Il dettaglio che pochi conoscono
Con la sentenza del 6 febbraio 2025 nel caso Italgomme Pneumatici S.r.l. e altri c. Italia (ricorso n. 36617/18), la Corte europea dei diritti dell’uomo ha dichiarato che la disciplina italiana su accessi, ispezioni e verifiche viola l’art. 8 della Convenzione, perché attribuisce alle autorità una discrezionalità priva di limiti effettivi e non offre al contribuente garanzie procedurali e giurisdizionali adeguate; la Corte ha chiarito che la nozione di domicilio protetto comprende sede legale, succursali e ogni locale in cui si svolge l’attività d’impresa o professionale. Non è un principio astratto: la Cassazione, con l’ordinanza n. 11910 del 6 maggio 2025, ha rilevato d’ufficio il profilo di attrito con l’art. 8 CEDU, e la Corte di Strasburgo è tornata sul tema il 5 marzo 2026 con riferimento ai locali a uso promiscuo, dove l’autorizzazione del PM è richiesta ma la norma interna non ne impone la motivazione. Chi non fa verbalizzare nulla il giorno dell’accesso si preclude anche questa strada.

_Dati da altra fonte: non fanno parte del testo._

(* Let $Z_t$ be an $\mathbb{R}^D$-valued random vector with density $f_{Z_t}$, let $V_t,U_t:\mathbb{R}^D\to\mathbb{R}$ be a value function and its approximation, and let $X_t=V_t(Z_t)^+$, $Y_t=U_t(Z_t)^+$. Let $m$ be a probability measure on $(0,1)$ with density $f_m$ and $\rho_m(X)=\int_0^1Q_X(u)\,m(du)$. Then for any $p=rq$ with $1\le r,q<\infty$, $\frac1r+\frac1{r'}=1$, $\frac1q+\frac1{q'}=1$, \[|\rho_m(X_t)-\rho_m(Y_t)|\le\Vert V_t-U_t\Vert_{L^p(\mathbb{R}^D)}\cdot\Vert f_{Z_t}\Vert_{L^{q'}(\mathbb{R}^D)}^{1/r}\cdot\Vert f_m\Vert_{L^{r'}(0,1)}.\]
   Context: $x^+=\max\{x,0\}$. For a random variable $X$ with distribution function $F_X$, the quantile function is $Q_X(u)=\inf\{x\in\mathbb{R}:F_X(x)\ge u\}$, $u\in(0,1)$. $L^p$ norms are with respect to Lebesgue measure. *)

theory Defs
  imports "HOL-Probability.Probability"
begin

definition epowr :: "ennreal \<Rightarrow> real \<Rightarrow> ennreal" where
  "epowr x a = (if x = \<infinity> then \<infinity> else ennreal (enn2real x powr a))"

definition Lnorm :: "'b measure \<Rightarrow> ennreal \<Rightarrow> ('b \<Rightarrow> ennreal) \<Rightarrow> ennreal" where
  "Lnorm M p f =
     (if p = \<infinity> then Inf {c. AE x in M. f x \<le> c}
      else epowr (\<integral>\<^sup>+ x. epowr (f x) (enn2real p) \<partial>M) (1 / enn2real p))"

definition conj_exp :: "real \<Rightarrow> ennreal" where
  "conj_exp r = (if r = 1 then \<infinity> else ennreal (r / (r - 1)))"

definition quantile :: "'a measure \<Rightarrow> ('a \<Rightarrow> real) \<Rightarrow> real \<Rightarrow> real" where
  "quantile M X u = Inf {x. u \<le> cdf (distr M borel X) x}"

definition rho :: "real measure \<Rightarrow> 'a measure \<Rightarrow> ('a \<Rightarrow> real) \<Rightarrow> real" where
  "rho m M X = (\<integral>u. quantile M X u \<partial>m)"

end

theory Submission
  imports Defs
begin

text \<open>Hoelder's inequality for m(du) = f_m(u) du bounds |rho_m(X) - rho_m(Y)| by
  ||Q_X - Q_Y||_{L^r(0,1)} ||f_m||_{r'}. The quantile coupling is optimal for the convex cost
  |x - y|^r: as |d|^r is a mixture over a >= 0 of the hinge functions (d - a)^+ + (-d - a)^+, it
  suffices to compare the integral of (Q_X - Q_Y - a)^+ over (0,1) with E (X - Y - a)^+, and by Fubini
  this reduces to Leb {u. Q_Y(u) <= s, t < Q_X(u)} = (F_Y(s) - F_X(t))^+ <= P(Y <= s, t < X).
  Hence ||Q_X - Q_Y||_r <= (E |X - Y|^r)^(1/r). Finally |x^+ - y^+| <= |x - y| gives
  E |X - Y|^r <= int |V - U|^r f_Z, which a second Hoelder inequality with exponents q, q' bounds
  by ||V - U||_p^r ||f_Z||_{q'}.\<close>

lemma epowr_ennreal: "0 \<le> x \<Longrightarrow> epowr (ennreal x) a = ennreal (x powr a)"
  by (simp add: epowr_def)

lemma epowr_one: "epowr x 1 = x"
  by (cases x) (auto simp: epowr_def)

lemma epowr_top: "epowr top a = top"
  by (simp add: epowr_def)

lemma epowr_eq_0_iff: "epowr x a = 0 \<longleftrightarrow> x = 0"
  by (cases x) (auto simp: epowr_def)

lemma epowr_mono: "0 \<le> a \<Longrightarrow> x \<le> y \<Longrightarrow> epowr x a \<le> epowr y a"
  by (cases x; cases y) (auto simp: epowr_def powr_mono2 ennreal_leI top_unique)

lemma epowr_mult: "0 < a \<Longrightarrow> epowr (x * y) a = epowr x a * epowr y a"
  by (cases x; cases y)
    (auto simp: epowr_def ennreal_mult_top ennreal_top_mult ennreal_mult[symmetric] powr_mult)

lemma epowr_epowr: "0 < a \<Longrightarrow> epowr (epowr x a) b = epowr x (a * b)"
  by (cases x) (auto simp: epowr_def powr_powr)

lemma measurable_epowr[measurable]:
  assumes [measurable]: "f \<in> borel_measurable M"
  shows "(\<lambda>x. epowr (f x) a) \<in> borel_measurable M"
  unfolding epowr_def by measurable

lemma ennreal_Youngs_inequality:
  assumes "1 < p" "1 < q" "1/p + 1/q = 1"
  shows "x * y \<le> ennreal (1/p) * epowr x p + ennreal (1/q) * epowr y q"
proof (cases "x = top \<or> y = top")
  case True
  moreover have "ennreal (1/p) * top = top" "ennreal (1/q) * top = top"
    using assms by (simp_all add: ennreal_mult_top)
  ultimately have "ennreal (1/p) * epowr x p + ennreal (1/q) * epowr y q = top"
    by (elim disjE) (simp_all add: epowr_top)
  then show ?thesis
    by (metis top_greatest)
next
  case False
  then obtain s t where st: "x = ennreal s" "0 \<le> s" "y = ennreal t" "0 \<le> t"
    by (metis ennreal_cases)
  have "ennreal (s * t) \<le> ennreal (1/p * s powr p + 1/q * t powr q)"
    using Youngs_inequality[OF assms st(2,4)] by (intro ennreal_leI) simp
  also have "\<dots> = ennreal (1/p) * epowr x p + ennreal (1/q) * epowr y q"
    using st assms by (simp add: epowr_ennreal ennreal_plus ennreal_mult[symmetric])
  finally show ?thesis
    using st by (simp add: ennreal_mult)
qed

lemma nn_integral_epowr_cmult:
  assumes [measurable]: "f \<in> borel_measurable M" and "0 \<le> c" "0 < p"
  shows "(\<integral>\<^sup>+x. epowr (ennreal c * f x) p \<partial>M) = ennreal (c powr p) * (\<integral>\<^sup>+x. epowr (f x) p \<partial>M)"
  using assms by (simp add: epowr_mult epowr_ennreal nn_integral_cmult)

lemma nn_integral_epowr_normalize:
  assumes [measurable]: "f \<in> borel_measurable M" and p: "0 < p"
    and nonzero: "(\<integral>\<^sup>+x. epowr (f x) p \<partial>M) \<noteq> 0" and finite: "(\<integral>\<^sup>+x. epowr (f x) p \<partial>M) \<noteq> \<infinity>"
  obtains a where "0 < a" "epowr (\<integral>\<^sup>+x. epowr (f x) p \<partial>M) (1/p) = ennreal a"
    "(\<integral>\<^sup>+x. epowr (ennreal (1/a) * f x) p \<partial>M) = 1"
proof
  define A where "A = enn2real (\<integral>\<^sup>+x. epowr (f x) p \<partial>M)"
  have "0 < A" and A_eq: "(\<integral>\<^sup>+x. epowr (f x) p \<partial>M) = ennreal A"
    using nonzero finite by (auto simp: A_def enn2real_positive_iff less_top zero_less_iff_neq_zero)
  then show "0 < A powr (1/p)"
    by simp
  show "epowr (\<integral>\<^sup>+x. epowr (f x) p \<partial>M) (1/p) = ennreal (A powr (1/p))"
    using \<open>0 < A\<close> by (simp add: A_eq epowr_ennreal)
  have "(1 / A powr (1/p)) powr p * A = 1"
    using \<open>0 < A\<close> p by (simp add: powr_divide powr_powr)
  then show "(\<integral>\<^sup>+x. epowr (ennreal (1 / A powr (1/p)) * f x) p \<partial>M) = 1"
    using \<open>0 < A\<close> p by (simp add: nn_integral_epowr_cmult A_eq ennreal_mult[symmetric])
qed

lemma nn_integral_Holder:
  assumes [measurable]: "f \<in> borel_measurable M" "g \<in> borel_measurable M"
    and pq: "1 < p" "1 < q" "1/p + 1/q = 1"
  shows "(\<integral>\<^sup>+x. f x * g x \<partial>M)
    \<le> epowr (\<integral>\<^sup>+x. epowr (f x) p \<partial>M) (1/p) * epowr (\<integral>\<^sup>+x. epowr (g x) q \<partial>M) (1/q)"
    (is "?L \<le> epowr ?A _ * epowr ?B _")
proof -
  consider "?A = 0 \<or> ?B = 0" | "?A = \<infinity> \<or> ?B = \<infinity>" "?A \<noteq> 0" "?B \<noteq> 0"
    | "?A \<noteq> 0" "?B \<noteq> 0" "?A \<noteq> \<infinity>" "?B \<noteq> \<infinity>"
    by blast
  then show ?thesis
  proof cases
    case 1
    then have "AE x in M. f x * g x = 0"
      by (auto simp: nn_integral_0_iff_AE epowr_eq_0_iff elim!: eventually_mono)
    then have "?L = 0"
      by (simp add: nn_integral_0_iff_AE)
    then show ?thesis
      by simp
  next
    case 2
    then have "epowr ?A (1/p) * epowr ?B (1/q) = top"
      by (auto simp: ennreal_mult_eq_top_iff epowr_eq_0_iff epowr_top)
    then show ?thesis
      by (metis top_greatest)
  next
    case 3
    obtain a where a: "0 < a" "epowr ?A (1/p) = ennreal a"
      and f1: "(\<integral>\<^sup>+x. epowr (ennreal (1/a) * f x) p \<partial>M) = 1"
      using nn_integral_epowr_normalize[of f M p] 3 pq by auto
    obtain b where b: "0 < b" "epowr ?B (1/q) = ennreal b"
      and g1: "(\<integral>\<^sup>+x. epowr (ennreal (1/b) * g x) q \<partial>M) = 1"
      using nn_integral_epowr_normalize[of g M q] 3 pq by auto
    have "?L = ennreal (a * b) * (\<integral>\<^sup>+x. (ennreal (1/a) * f x) * (ennreal (1/b) * g x) \<partial>M)"
      using a b by (simp add: nn_integral_cmult[symmetric] ennreal_mult[symmetric] mult_ac)
    also have "\<dots> \<le> ennreal (a * b) * (\<integral>\<^sup>+x. ennreal (1/p) * epowr (ennreal (1/a) * f x) p
                                          + ennreal (1/q) * epowr (ennreal (1/b) * g x) q \<partial>M)"
      by (intro mult_left_mono nn_integral_mono ennreal_Youngs_inequality pq) simp
    also have "\<dots> = ennreal (a * b)"
      using pq by (simp add: nn_integral_add nn_integral_cmult f1 g1 ennreal_plus[symmetric])
    finally show ?thesis
      using a b by (simp add: ennreal_mult)
  qed
qed

lemma Lnorm_ennreal: "0 \<le> p \<Longrightarrow> Lnorm M (ennreal p) f = epowr (\<integral>\<^sup>+x. epowr (f x) p \<partial>M) (1/p)"
  by (simp add: Lnorm_def)

lemma nn_integral_mult_le_esssup:
  assumes "f \<in> borel_measurable M"
  shows "(\<integral>\<^sup>+x. f x * g x \<partial>M) \<le> (\<integral>\<^sup>+x. f x \<partial>M) * esssup M g"
proof -
  have "(\<integral>\<^sup>+x. f x * g x \<partial>M) \<le> (\<integral>\<^sup>+x. f x * esssup M g \<partial>M)"
    using esssup_AE[of g M] by (intro nn_integral_mono_AE) (auto elim!: eventually_mono intro: mult_left_mono)
  then show ?thesis
    using assms by (simp add: nn_integral_multc)
qed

Errore n. 2 — Spiegare, giustificare, ammettere “a caldo” davanti ai verificatori
L’errore
Il funzionario mostra il quaderno e chiede, con tono cordiale, che cosa siano quelle cifre. L’imprenditore, in buona fede e convinto di ridimensionare il problema, risponde: “Sono lavori fatti a qualche cliente, ma sono piccole cose, roba di famiglia”. Oppure il dipendente, spaventato, dichiara che qualche pagamento arrivava fuori busta. Tutto questo viene verbalizzato e sottoscritto.
Perché è un errore
Nel procedimento tributario le dichiarazioni rese dal contribuente ai verificatori non sono confessione in senso tecnico, ma valgono come elementi di prova liberamente apprezzabili dal giudice, e soprattutto saldano il documento al soggetto. È esattamente il passaggio logico che serve all’Amministrazione: gli appunti, da soli, sono carta; gli appunti più l’ammissione di chi li ha scritti diventano una presunzione grave, precisa e concordante ai sensi dell’art. 2729 c.c. e dell’art. 39 del d.P.R. n. 600/1973. La giurisprudenza è consolidata: la Cassazione, con l’ordinanza n. 10493 del 31 marzo 2022, ha affermato che la contabilità in nero costituita da appunti personali e informazioni provenienti dall’imprenditore è un valido elemento indiziario dotato dei requisiti di gravità, precisione e concordanza, idoneo di per sé a fondare la pretesa.
Le conseguenze
Una volta che l’ufficio ha in mano documento più riconoscimento, l’onere della prova si sposta. La Cassazione, con l’ordinanza n. 2746 del 30 gennaio 2024, ha chiarito che il comma 5-bis dell’art. 7 del D.Lgs. n. 546/1992, introdotto dalla L. n. 130/2022, non ha scalfito il regime delle presunzioni: dove operano presunzioni previste dalla normativa sostanziale, il rischio della prova contraria resta sul contribuente. La conseguenza più grave, però, è un’altra: le stesse dichiarazioni possono confluire in un procedimento penale, perché il verbale che le contiene viene trasmesso alla Procura quando emergono ipotesi di reato tributario. E qui il contribuente scopre di aver reso, senza difensore e senza avvertimenti, dichiarazioni su fatti che lo riguardano personalmente.
Cosa fare invece
La risposta corretta, in sede di accesso, è collaborativa nella forma e prudente nella sostanza: esibire ciò che è dovuto, non ostacolare le operazioni, ma riservarsi di fornire chiarimenti in forma scritta previa consultazione del difensore, chiedendo che questa riserva sia messa a verbale. Nessuna norma impone di ricostruire seduta stante il significato di un documento; l’art. 12, comma 2, dello Statuto attribuisce anzi il diritto all’assistenza tecnica proprio in questa fase. Ogni spiegazione va data dopo, per iscritto, quando è stata verificata su documenti e non sulla memoria.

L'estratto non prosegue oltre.